Trace had shouted then. Yelled for Tucker to stop. “I could’ve taken a shot at them, but they were so close. Tucker and Drake were fighting, rolling around in the snow. So I ran forward. I grabbed Tucker, and I pulled him off Drake.”

Her gaze seemed to see straight into Trace’s soul. You won’t like the darkness there, baby. “Tucker had his knife. I had my gun. I told him to stand down. To get his control back.”

Even as he’d said the words, Trace had known that wouldn’t happen. If I’d lost Skye, I would’ve reacted the same way. “She was everything to him, and Anna Jean was dead at his feet.” The blood had spread beneath her in that snow, looking like bloody angel wings.

She hadn’t been an angel.

Tucker hadn’t cared.

“He said Drake had to die. Tucker lunged at me. He wouldn’t stop.” Fuck, fuck, fuck.

The memories were so sharp.

Tucker, stand the hell down! We’re your friends!

But Tucker had stared him straight in the eyes. You’re dead men. Every single one of you. You did this—you could’ve brought her in alive. You. Did. This!

“The last time he came at me, I fired.” Close-range, one shot right to the chest. “He grabbed my dog tags, and when he fell back, they were still in his hands.”

“Trace…”

“We didn’t even get to bring his body home. Anna Jean’s reinforcements arrived. Blasting from the east. I could’ve carried Tucker—he was still alive then—or I could’ve gotten Drake out of there. I made the choice.”

Her fingers curled around his. “Would Tucker have been able to survive his wounds?”

That was the same damn thing he’d asked himself that day. And every day that followed. “I thought I’d hit his heart.” He should have hit it. That close… “But there wasn’t exactly time to stand there and do an exam. I grabbed Drake. Threw him over my shoulder, and I dodged fire as I ran. Noah brought the chopper in because without an aerial extraction, we were dead.” He stared down at their hands. His looked big, rough.

Hers were so delicate.

“Heavy snow started falling. In that part of Russia, the snow can drop from the sky for days. It can bury everything and everyone in its path. I thought…I thought the snow became their graves.” After Ben and Drake had been secured and patched up, he’d gone back to try and retrieve the bodies, but it had been hopeless. He’d searched, nearly getting hypothermia, but there had been nothing to find.

“Why didn’t you tell me this sooner?”

Trace knew his laughter held a bitter edge. “Why didn’t I tell you that I shot my best friend and left him to die in the middle of a snowstorm? Maybe because I didn’t want you thinking I was a cold-blooded killer.”

She flinched. Her hands pulled from his.

Oh, right. “But then, you do think that now, don’t you? So confessing to my kill in the past hardly matters at this point.”
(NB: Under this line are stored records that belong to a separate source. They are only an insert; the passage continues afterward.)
lemma filter_eq_append_Cons_conv_ex:
  assumes "filter P L = xs @ x # ys"
  shows "\<exists>us vs. L = us @ x # vs \<and> filter P us = xs \<and> filter P vs = ys"
proof -
  obtain us0 vs0 where L: "L = us0 @ vs0" "filter P us0 = xs" "filter P vs0 = x # ys"
    using filter_eq_append_conv_ex[OF assms] by blast
  then obtain us1 vs where "vs0 = us1 @ x # vs" "\<forall>u\<in>set us1. \<not> P u" "ys = filter P vs"
    using filter_eq_ConsD[OF L(3)] by blast
  with L show ?thesis by (intro exI[of _ "us0 @ us1"] exI[of _ vs]) (simp add: filter_empty_conv)
qed

inductive block_interchange :: "'a list \<times> 'a list \<Rightarrow> 'a list \<times> 'a list \<Rightarrow> bool" where
  "block_interchange (A @ x # B @ y # C, U @ x # V @ y # W) (B @ y # A @ x # C, V @ y # U @ x # W)"

lemma block_interchange_mset:
  "block_interchange (v, v') (u, u') \<Longrightarrow> mset u = mset v \<and> mset u' = mset v'"
  by (erule block_interchange.cases) (simp add: ac_simps)

lemma block_interchanges_mset:
  "block_interchange\<^sup>*\<^sup>* (v, v') (u, u') \<Longrightarrow> mset u = mset v \<and> mset u' = mset v'"
  by (induction rule: rtranclp_induct2) (auto dest: block_interchange_mset)

lemma block_interchange_append:
  assumes "block_interchange (v, v') (u, u')"
  shows "block_interchange (v @ S, v' @ S') (u @ S, u' @ S')"
  using assms
proof cases
  case (1 A x B y C U V W)
  then show ?thesis using block_interchange.intros[of A x B y "C @ S" U V "W @ S'"] by simp
qed

lemma block_interchanges_append:
  "block_interchange\<^sup>*\<^sup>* (v, v') (u, u') \<Longrightarrow> block_interchange\<^sup>*\<^sup>* (v @ S, v' @ S') (u @ S, u' @ S')"
  by (induction rule: rtranclp_induct2) (auto intro: rtranclp.rtrancl_into_rtrancl block_interchange_append)

lemma block_interchange_insert_last:
  assumes "block_interchange (v, v') (u, u')" "filter (\<lambda>z. z \<noteq> e) w' = v'"
  shows "\<exists>u''. block_interchange (v @ [e], w') (u @ [e], u'') \<and> filter (\<lambda>z. z \<noteq> e) u'' = u'"
  using assms(1)
proof cases
  case (1 A x B y C U V W)
  have "x \<in> set (filter (\<lambda>z. z \<noteq> e) w')" "y \<in> set (filter (\<lambda>z. z \<noteq> e) w')"
    using assms(2) 1 by simp_all
  then have xy: "x \<noteq> e" "y \<noteq> e" by auto
  obtain U' rest where w': "w' = U' @ x # rest" "filter (\<lambda>z. z \<noteq> e) U' = U"
    and rest: "filter (\<lambda>z. z \<noteq> e) rest = V @ y # W"
    using filter_eq_append_Cons_conv_ex[of "\<lambda>z. z \<noteq> e" w' U x "V @ y # W"] assms(2) 1 by auto
  obtain V' W' where "rest = V' @ y # W'" "filter (\<lambda>z. z \<noteq> e) V' = V" "filter (\<lambda>z. z \<noteq> e) W' = W"
    using filter_eq_append_Cons_conv_ex[OF rest] by blast
  then show ?thesis
    using xy w' 1 block_interchange.intros[of A x B y "C @ [e]" U' V' W']
    by (intro exI[of _ "V' @ y # U' @ x # W'"]) simp
qed

lemma block_interchanges_insert_last:
  assumes "block_interchange\<^sup>*\<^sup>* (v, v') (u, u')" "filter (\<lambda>z. z \<noteq> e) w' = v'"
  shows "\<exists>u''. block_interchange\<^sup>*\<^sup>* (v @ [e], w') (u @ [e], u'') \<and> filter (\<lambda>z. z \<noteq> e) u'' = u'"
  using assms(1)
proof (induction rule: rtranclp_induct2)
  case refl
  then show ?case using assms(2) by blast
next
  case (step u1 u1' u2 u2')
  then obtain t where t: "block_interchange\<^sup>*\<^sup>* (v @ [e], w') (u1 @ [e], t)"
    "filter (\<lambda>z. z \<noteq> e) t = u1'" by blast
  then obtain t' where "block_interchange (u1 @ [e], t) (u2 @ [e], t')"
    "filter (\<lambda>z. z \<noteq> e) t' = u2'"
    using block_interchange_insert_last[OF step.hyps(2)] by blast
  then show ?case using t(1) by (blast intro: rtranclp.rtrancl_into_rtrancl)
qed

lemma block_interchanges_reversed_block_inside:
  assumes "L \<noteq> []"
  shows "\<exists>P P' S. S \<noteq> [] \<and>
    block_interchange\<^sup>*\<^sup>* (A @ x # B @ L @ [e], X @ e # x # us @ rev L) (P @ S, P' @ rev S)"
proof -
  obtain r T where L: "L = r # T" using assms by (cases L) auto
  show ?thesis
  proof (cases T)
    case Nil
    have "block_interchange (A @ x # B @ [r, e], X @ e # x # us @ [r])
        ((B @ r # A) @ [x, e], (us @ r # X) @ rev [x, e])"
      using block_interchange.intros[of A x B r "[e]" "X @ [e]" us "[]"] by simp
    then show ?thesis unfolding L Nil
      by (intro exI[of _ "B @ r # A"] exI[of _ "us @ r # X"] exI[of _ "[x, e]"] conjI r_into_rtranclp)
        simp_all
  next
    case (Cons s T')
    have "block_interchange (A @ x # B @ r # s # T' @ [e], X @ e # x # us @ rev T' @ [s, r])
        (B @ r # A @ x # s # T' @ [e], us @ rev T' @ s # r # X @ [e, x])"
      using block_interchange.intros[of A x B r "s # T' @ [e]" "X @ [e]" "us @ rev T' @ [s]" "[]"] by simp
    moreover have "block_interchange (B @ r # A @ x # s # T' @ [e], us @ rev T' @ s # r # X @ [e, x])
        ((T' @ e # B @ r # A) @ [x, s], (r # X @ e # us @ rev T') @ rev [x, s])"
      using block_interchange.intros[of "B @ r # A @ [x]" s T' e "[]" "us @ rev T'" "r # X" "[x]"] by simp
    ultimately show ?thesis unfolding L Cons
      by (intro exI[of _ "T' @ e # B @ r # A"] exI[of _ "r # X @ e # us @ rev T'"] exI[of _ "[x, s]"]
          conjI rtranclp.rtrancl_into_rtrancl[OF r_into_rtranclp]) simp_all
  qed
qed

lemma block_interchanges_reversed_suffix:
  assumes XY: "X @ Y = P0' @ rev L" and "set P0' \<subseteq> set P0" "L \<noteq> []"
  shows "\<exists>P P' S. S \<noteq> [] \<and> block_interchange\<^sup>*\<^sup>* (P0 @ L @ [e], X @ e # Y) (P @ S, P' @ rev S)"
proof -
  obtain us where "X = P0' @ us \<and> us @ Y = rev L \<or> X @ us = P0' \<and> Y = us @ rev L"
    using XY by (auto simp: append_eq_append_conv2)
  then consider (last) "X = P0'" "Y = rev L"
    | (straddle) T x where "X = P0' @ rev T @ [x]" "L = rev Y @ x # T"
    | (inside) x us' where "P0' = X @ x # us'" "Y = x # us' @ rev L"
  proof (elim disjE conjE)
    assume X: "X = P0' @ us" and "us @ Y = rev L"
    then have L: "L = rev Y @ rev us" by (metis rev_append rev_rev_ident)
    show thesis
    proof (cases us rule: rev_exhaust)
      case Nil
      then show thesis using that(1) X L by simp
    next
      case (snoc T' x)
      then show thesis using that(2)[of "rev T'" x] X L by simp
    qed
  next
    assume "X @ us = P0'" "Y = us @ rev L"
    then show thesis using that(1,3) by (cases us) auto
  qed
  then show ?thesis
  proof cases
    case last
    then show ?thesis by (intro exI[of _ P0] exI[of _ P0'] exI[of _ "L @ [e]"]) simp
  next
    case (straddle T x)
    have "block_interchange (P0 @ L @ [e], X @ e # Y) (T @ e # P0 @ rev Y @ [x], e # P0' @ rev T @ x # Y)"
      using block_interchange.intros[of "P0 @ rev Y" x T e "[]" "P0' @ rev T" "[]" Y] straddle by simp
    then show ?thesis
      by (intro exI[of _ "T @ e # P0"] exI[of _ "e # P0' @ rev T"] exI[of _ "rev Y @ [x]"]) auto
  next
    case (inside x us')
    then obtain A B where "P0 = A @ x # B" using assms(2) by (meson in_set_conv_decomp subsetD)
    then show ?thesis using block_interchanges_reversed_block_inside[OF assms(3)] inside by simp
  qed
qed

lemma block_interchanges_reversed_last_block:
  assumes w0: "block_interchange\<^sup>*\<^sup>* (w0, filter (\<lambda>z. z \<noteq> e) w') (concat Bs, concat (map rev Bs))"
    and "\<forall>B\<in>set Bs. B \<noteq> []" "distinct w'" "e \<in> set w'"
  shows "\<exists>P P' S. S \<noteq> [] \<and> block_interchange\<^sup>*\<^sup>* (w0 @ [e], w') (P @ S, P' @ rev S)"
proof -
  obtain v' where v': "block_interchange\<^sup>*\<^sup>* (w0 @ [e], w') (concat Bs @ [e], v')"
    "filter (\<lambda>z. z \<noteq> e) v' = concat (map rev Bs)"
    using block_interchanges_insert_last[OF w0 refl] by blast
  have "mset v' = mset w'" using block_interchanges_mset[OF v'(1)] by simp
  then have "distinct v'" "e \<in> set v'"
    using assms(3,4) by (metis mset_eq_imp_distinct_iff, metis mset_eq_setD)
  then obtain X Y where v'_eq: "v' = X @ e # Y" "e \<notin> set X" "e \<notin> set Y"
    by (auto dest: split_list)
  then have "filter (\<lambda>z. z \<noteq> e) X = X" "filter (\<lambda>z. z \<noteq> e) Y = Y" by (auto simp: filter_id_conv)
  then have XY: "X @ Y = concat (map rev Bs)" using v'(2) v'_eq(1) by simp
  show ?thesis
  proof (cases Bs rule: rev_exhaust)
    case Nil
    then show ?thesis using v'(1) v'_eq(1) XY
      by (intro exI[of _ "[]"] exI[of _ "[]"] exI[of _ "[e]"]) simp
  next
    case (snoc Bs0 L)
    then have "L \<noteq> []" using assms(2) by simp
    then obtain P P' S where PS: "S \<noteq> []"
      "block_interchange\<^sup>*\<^sup>* (concat Bs0 @ L @ [e], X @ e # Y) (P @ S, P' @ rev S)"
      using block_interchanges_reversed_suffix[of X Y "concat (map rev Bs0)" L "concat Bs0" e] XY snoc
      by auto
    moreover have "block_interchange\<^sup>*\<^sup>* (w0 @ [e], w') (concat Bs0 @ L @ [e], X @ e # Y)"
      using v'(1) v'_eq(1) snoc by simp
    ultimately show ?thesis by (blast intro: rtranclp_trans)
  qed
qed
Trace turned away from her and paced toward the window. The glittering lights of the city stared back at him. At least it wasn’t snowing. He hated the snow. Every time he saw it, he thought of blood.

“Tucker is the one who attacked,” Skye said, voice soft. She hadn’t followed him to the window. “You were protecting yourself. Your other teammates.”
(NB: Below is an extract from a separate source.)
(* Consider a weakly monotone MP-MFG whose rewards $r^i(x,a,\cdot)$ are continuously differentiable in the distribution argument. Let $(\rho_t)_{t\ge 1}$ be a trajectory of continuous-time fictitious play, and let $\pi_t$ be the associated policies. Assume $t\mapsto\phi(\pi_t)$ is differentiable on $[1,\infty)$. Then for all $t\ge 1$, $$\frac{d}{dt}\phi(\pi_t)\le-\frac1t\,\phi(\pi_t).$$ Consequently $\phi(\pi_t)\le\phi(\pi_1)/t$, so $\phi(\pi_t)=O(1/t)$.
   Context: A multi-population mean field game (MP-MFG) consists of the following data: - a finite state space $\mathcal X$ and a finite action space $\mathcal A$; - $N_p\ge1$ populations and a horizon $N$, with time steps $n=0,\dots,N$; - initial distributions $\mu^i_0\in\Delta\mathcal X$; - a transition kernel $p(x'|x,a)$ independent of the distributions; - rewards $r^i:\mathcal X\times\mathcal A\times(\Delta\mathcal X)^{N_p}\to\mathbb R$. A policy of population $i$ is $\pi^i=(\pi^i_n)_{n=0}^N$ with $\pi^i_n(\cdot|x)\in\Delta\mathcal A$, and $\pi=(\pi^i)_i$. The induced distributions are defined by $\mu^{i,\pi^i}_0=\mu^i_0$ and $\mu^{i,\pi^i}_{n+1}(x')=\sum_{x,a}\pi^i_n(a|x)\,p(x'|x,a)\,\mu^{i,\pi^i}_n(x)$, with $\mu^\pi=(\mu^{i,\pi^i})_i$. The induced state-action distributions are $\rho^{i,\pi^i}_n(x,a)=\mu^{i,\pi^i}_n(x)\,\pi^i_n(a|x)$. The total reward is $$J^i(\pi^i,\mu)=\sum_{n=0}^N\sum_{x,a}\mu^{i,\pi^i}_n(x)\,\pi^i_n(a|x)\,r^i(x,a,\mu_n),\qquad \mu_n=(\mu^1_n,\dots,\mu^{N_p}_n).$$ The exploitability is $$\phi(\pi)=\sum_i\Big[\max_{\pi'^i}J^i(\pi'^i,\mu^\pi)-J^i(\pi^i,\mu^\pi)\Big].$$ The game is weakly monotone if the following holds for all families $\rho^i,\rho'^i\in\Delta(\mathcal X\times\mathcal A)$. Let the $x$-marginals be $\mu^i,\mu'^i$, with $\mu=(\mu^i)_i$ and $\mu'=(\mu'^i)_i$. Then $$\sum_i\sum_{x,a}\big(\rho^i(x,a)-\rho'^i(x,a)\big)\big(r^i(x,a,\mu)-r^i(x,a,\mu')\big)\le0.$$ Continuous-time fictitious play is defined as follows. - For $s\in[0,1)$, $\rho^{i,br}_{n,s}$ is the state-action distribution induced by the uniform policy. - For $t\ge 1$, set $$\rho^i_{n,t}=\frac1t\int_0^t\rho^{i,br}_{n,s}\,ds,\qquad \mu^i_{n,t}(x)=\sum_a\rho^i_{n,t}(x,a),\qquad \mu_t=(\mu^i_{n,t})_{i,n}.$$ - For $t\ge 1$, $\rho^{i,br}_{n,t}$ is the state-action distribution $\rho^{i,\pi^{i,br}_t}_n$ induced by a best response policy $\pi^{i,br}_t\in\arg\max_{\pi^i}J^i(\pi^i,\mu_t)$, chosen measurably in $t$. - The associated policy is $\pi^i_{n,t}(a|x)=\rho^i_{n,t}(x,a)/\mu^i_{n,t}(x)$ when $\mu^i_{n,t}(x)>0$, and arbitrary otherwise. With this choice, $\mu^{\pi_t}=\mu_t$. *)

theory Defs
  imports "HOL-Analysis.Analysis"
begin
The lights were so bright. “I understood, that’s the worst part. I knew exactly how he felt. He loved her so much that nothing else mattered, and without her, there was no control for him. He was desperate, hurting, and I left him there.”

Only the ghosts from his past had come back to wreck his life. “Tucker liked the up-close attacks. They were his specialty.” His…and Trace’s. “He could get close to anyone without his prey ever knowing. Slip right up and slip his knife into his enemy’s heart.”